**TASK BRIEF**
Below are entries; output exactly the lines from the one with "a b \<longleftrightarrow>" to the one with "unfolding eps_connected_def link_rel_def ..", both included, and nothing else.

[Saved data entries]

▼▼▼

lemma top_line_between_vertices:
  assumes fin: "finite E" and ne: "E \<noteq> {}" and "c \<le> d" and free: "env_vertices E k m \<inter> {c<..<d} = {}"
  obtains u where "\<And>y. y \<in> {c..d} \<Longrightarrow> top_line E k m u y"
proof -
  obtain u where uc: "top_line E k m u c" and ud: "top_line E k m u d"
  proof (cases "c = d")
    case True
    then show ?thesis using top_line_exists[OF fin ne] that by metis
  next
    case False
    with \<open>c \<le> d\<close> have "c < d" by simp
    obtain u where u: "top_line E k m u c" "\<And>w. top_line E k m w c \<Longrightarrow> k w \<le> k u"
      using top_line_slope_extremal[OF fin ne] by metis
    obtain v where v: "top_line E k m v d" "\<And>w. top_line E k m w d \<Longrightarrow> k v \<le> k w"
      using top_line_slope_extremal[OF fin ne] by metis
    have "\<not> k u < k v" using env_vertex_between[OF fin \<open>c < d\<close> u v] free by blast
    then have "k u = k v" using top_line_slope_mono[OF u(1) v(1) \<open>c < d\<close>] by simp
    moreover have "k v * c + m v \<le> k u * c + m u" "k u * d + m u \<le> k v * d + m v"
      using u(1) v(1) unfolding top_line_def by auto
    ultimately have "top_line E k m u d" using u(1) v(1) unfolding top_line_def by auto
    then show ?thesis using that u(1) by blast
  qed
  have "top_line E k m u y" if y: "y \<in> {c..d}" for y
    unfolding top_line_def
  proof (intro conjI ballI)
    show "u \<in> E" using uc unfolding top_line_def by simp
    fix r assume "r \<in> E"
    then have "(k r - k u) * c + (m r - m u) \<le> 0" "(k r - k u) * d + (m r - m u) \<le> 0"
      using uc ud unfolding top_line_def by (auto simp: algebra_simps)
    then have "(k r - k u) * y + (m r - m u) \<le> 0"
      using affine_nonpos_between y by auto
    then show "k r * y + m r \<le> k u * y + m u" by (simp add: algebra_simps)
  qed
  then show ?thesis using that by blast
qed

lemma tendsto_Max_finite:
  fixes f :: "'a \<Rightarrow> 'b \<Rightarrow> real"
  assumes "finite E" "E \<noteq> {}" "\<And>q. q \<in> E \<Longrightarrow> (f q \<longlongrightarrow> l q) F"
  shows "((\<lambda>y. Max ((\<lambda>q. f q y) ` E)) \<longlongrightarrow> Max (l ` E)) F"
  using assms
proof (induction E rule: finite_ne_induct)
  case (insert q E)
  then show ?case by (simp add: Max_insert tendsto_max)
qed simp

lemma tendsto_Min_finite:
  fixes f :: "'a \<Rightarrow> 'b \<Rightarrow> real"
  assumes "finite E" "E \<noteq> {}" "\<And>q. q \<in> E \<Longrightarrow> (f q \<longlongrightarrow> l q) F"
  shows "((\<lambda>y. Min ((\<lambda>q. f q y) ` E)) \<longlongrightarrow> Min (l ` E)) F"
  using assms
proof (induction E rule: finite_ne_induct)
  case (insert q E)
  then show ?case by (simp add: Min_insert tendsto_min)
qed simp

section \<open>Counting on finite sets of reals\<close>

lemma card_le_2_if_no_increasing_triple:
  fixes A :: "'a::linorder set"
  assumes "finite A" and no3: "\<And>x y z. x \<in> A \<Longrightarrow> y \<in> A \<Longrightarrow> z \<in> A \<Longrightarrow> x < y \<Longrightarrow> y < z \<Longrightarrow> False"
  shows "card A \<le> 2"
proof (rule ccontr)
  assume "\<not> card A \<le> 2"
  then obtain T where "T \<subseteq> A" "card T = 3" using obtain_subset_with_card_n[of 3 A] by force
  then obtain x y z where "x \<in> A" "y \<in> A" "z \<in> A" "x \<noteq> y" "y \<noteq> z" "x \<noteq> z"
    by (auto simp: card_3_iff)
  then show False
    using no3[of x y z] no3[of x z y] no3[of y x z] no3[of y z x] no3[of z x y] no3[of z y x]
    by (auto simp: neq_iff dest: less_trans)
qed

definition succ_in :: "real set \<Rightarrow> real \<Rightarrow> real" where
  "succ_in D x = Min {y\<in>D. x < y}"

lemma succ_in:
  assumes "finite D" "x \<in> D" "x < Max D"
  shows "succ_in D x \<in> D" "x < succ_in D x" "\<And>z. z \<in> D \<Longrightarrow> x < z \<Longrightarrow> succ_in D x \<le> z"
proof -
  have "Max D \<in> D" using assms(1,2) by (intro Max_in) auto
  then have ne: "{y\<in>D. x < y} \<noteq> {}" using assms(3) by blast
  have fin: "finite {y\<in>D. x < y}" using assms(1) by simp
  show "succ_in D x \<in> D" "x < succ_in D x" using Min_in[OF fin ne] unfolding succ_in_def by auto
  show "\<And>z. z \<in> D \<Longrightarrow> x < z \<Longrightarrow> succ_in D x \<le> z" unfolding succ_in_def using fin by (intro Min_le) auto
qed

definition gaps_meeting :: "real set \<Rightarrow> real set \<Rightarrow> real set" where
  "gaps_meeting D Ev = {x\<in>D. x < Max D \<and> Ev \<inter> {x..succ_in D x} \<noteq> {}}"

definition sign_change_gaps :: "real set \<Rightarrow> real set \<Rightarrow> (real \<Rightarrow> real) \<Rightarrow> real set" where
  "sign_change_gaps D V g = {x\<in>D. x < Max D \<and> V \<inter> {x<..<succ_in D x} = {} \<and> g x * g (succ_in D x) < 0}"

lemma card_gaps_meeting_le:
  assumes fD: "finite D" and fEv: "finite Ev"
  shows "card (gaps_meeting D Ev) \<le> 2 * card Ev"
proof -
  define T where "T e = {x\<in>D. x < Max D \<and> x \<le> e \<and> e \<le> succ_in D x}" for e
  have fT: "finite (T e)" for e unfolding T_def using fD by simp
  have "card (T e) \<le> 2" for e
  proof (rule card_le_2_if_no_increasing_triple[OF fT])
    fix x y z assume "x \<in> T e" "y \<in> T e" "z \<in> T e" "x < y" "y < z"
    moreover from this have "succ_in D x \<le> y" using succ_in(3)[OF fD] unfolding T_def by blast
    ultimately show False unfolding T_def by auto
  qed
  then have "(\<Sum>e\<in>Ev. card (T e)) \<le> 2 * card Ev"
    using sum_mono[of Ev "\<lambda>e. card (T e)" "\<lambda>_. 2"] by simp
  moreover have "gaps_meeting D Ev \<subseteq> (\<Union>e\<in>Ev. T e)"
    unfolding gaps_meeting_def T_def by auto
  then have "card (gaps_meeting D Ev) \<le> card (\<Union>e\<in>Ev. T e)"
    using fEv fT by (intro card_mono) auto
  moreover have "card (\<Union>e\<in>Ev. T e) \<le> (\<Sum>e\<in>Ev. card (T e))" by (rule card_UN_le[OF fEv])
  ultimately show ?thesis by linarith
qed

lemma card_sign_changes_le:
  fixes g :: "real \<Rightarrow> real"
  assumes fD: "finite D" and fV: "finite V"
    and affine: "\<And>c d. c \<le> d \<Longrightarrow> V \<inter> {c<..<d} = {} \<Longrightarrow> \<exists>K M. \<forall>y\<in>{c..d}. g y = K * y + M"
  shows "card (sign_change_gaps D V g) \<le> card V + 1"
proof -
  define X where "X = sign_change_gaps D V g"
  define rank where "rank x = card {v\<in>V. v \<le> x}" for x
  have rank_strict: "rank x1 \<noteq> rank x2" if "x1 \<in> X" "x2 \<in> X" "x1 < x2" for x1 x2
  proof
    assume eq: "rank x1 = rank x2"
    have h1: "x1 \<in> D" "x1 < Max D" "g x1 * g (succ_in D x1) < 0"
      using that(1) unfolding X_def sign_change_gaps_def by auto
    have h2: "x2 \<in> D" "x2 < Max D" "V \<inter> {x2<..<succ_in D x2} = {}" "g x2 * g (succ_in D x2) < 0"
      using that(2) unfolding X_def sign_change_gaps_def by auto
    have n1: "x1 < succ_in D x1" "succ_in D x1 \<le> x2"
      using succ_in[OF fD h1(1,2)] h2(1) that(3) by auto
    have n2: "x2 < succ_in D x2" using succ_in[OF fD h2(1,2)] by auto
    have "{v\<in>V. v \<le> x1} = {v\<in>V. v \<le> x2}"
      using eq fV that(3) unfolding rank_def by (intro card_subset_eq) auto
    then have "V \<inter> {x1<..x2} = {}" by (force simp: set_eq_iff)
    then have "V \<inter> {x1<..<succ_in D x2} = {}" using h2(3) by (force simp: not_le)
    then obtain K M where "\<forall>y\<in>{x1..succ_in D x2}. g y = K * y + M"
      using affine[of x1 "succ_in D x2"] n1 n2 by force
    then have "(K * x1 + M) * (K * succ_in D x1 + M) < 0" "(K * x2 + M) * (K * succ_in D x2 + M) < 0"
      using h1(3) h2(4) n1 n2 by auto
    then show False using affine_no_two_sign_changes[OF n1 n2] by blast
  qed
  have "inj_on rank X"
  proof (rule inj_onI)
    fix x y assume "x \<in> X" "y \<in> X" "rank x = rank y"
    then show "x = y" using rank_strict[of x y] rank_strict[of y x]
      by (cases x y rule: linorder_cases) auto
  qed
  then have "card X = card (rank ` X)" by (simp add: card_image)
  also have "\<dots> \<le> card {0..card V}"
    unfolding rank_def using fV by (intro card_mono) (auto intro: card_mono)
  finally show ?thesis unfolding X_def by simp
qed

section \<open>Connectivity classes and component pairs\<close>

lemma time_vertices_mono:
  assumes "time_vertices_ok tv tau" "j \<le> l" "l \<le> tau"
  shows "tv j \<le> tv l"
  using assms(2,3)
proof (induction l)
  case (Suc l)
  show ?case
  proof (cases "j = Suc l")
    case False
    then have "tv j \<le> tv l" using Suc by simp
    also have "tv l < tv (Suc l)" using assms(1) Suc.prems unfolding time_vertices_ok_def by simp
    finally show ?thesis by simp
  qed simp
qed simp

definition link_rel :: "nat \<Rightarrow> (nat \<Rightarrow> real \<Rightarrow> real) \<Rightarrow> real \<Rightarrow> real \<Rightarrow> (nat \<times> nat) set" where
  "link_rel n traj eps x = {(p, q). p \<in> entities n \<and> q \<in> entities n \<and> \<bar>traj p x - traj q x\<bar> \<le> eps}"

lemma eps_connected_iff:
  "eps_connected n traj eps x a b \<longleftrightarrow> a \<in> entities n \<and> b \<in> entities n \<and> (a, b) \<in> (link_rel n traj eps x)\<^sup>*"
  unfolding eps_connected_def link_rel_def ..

▲▲▲
▼▼▼

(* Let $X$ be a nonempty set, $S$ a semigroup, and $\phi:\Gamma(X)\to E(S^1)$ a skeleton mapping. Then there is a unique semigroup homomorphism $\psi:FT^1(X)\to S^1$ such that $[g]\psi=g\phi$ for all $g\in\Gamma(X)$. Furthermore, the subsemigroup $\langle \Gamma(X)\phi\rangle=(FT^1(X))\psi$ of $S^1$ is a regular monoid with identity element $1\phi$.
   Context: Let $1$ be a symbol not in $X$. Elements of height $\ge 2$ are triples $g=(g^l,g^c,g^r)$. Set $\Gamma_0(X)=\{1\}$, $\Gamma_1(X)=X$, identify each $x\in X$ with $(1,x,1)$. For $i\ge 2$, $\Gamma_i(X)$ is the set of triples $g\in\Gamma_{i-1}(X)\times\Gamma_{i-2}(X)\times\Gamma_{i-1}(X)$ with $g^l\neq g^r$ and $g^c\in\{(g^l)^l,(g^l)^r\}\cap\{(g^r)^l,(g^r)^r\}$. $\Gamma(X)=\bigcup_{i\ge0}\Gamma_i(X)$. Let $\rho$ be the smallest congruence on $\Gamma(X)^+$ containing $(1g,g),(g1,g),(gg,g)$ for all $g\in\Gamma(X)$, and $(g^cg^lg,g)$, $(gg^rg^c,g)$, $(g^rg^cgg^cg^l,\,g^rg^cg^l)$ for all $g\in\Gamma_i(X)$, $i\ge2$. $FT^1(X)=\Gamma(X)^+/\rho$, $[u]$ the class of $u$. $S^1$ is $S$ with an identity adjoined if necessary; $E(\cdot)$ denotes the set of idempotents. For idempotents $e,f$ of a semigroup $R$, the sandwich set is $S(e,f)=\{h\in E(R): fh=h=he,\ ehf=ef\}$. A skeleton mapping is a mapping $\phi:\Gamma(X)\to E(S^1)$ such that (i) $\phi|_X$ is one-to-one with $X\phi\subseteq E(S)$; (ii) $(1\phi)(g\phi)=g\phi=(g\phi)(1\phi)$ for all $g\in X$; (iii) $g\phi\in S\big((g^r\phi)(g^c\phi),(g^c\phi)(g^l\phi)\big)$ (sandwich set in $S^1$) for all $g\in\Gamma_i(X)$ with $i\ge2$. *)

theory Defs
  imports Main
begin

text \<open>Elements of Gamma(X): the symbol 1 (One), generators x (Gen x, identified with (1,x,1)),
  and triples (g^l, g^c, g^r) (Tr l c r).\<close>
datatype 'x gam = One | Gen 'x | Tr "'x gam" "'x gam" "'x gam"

▲▲▲

**TASK RESPONSE**
  "eps_connected n traj eps x a b \<longleftrightarrow> a \<in> entities n \<and> b \<in> entities n \<and> (a, b) \<in> (link_rel n traj eps x)\<^sup>*"
  unfolding eps_connected_def link_rel_def ..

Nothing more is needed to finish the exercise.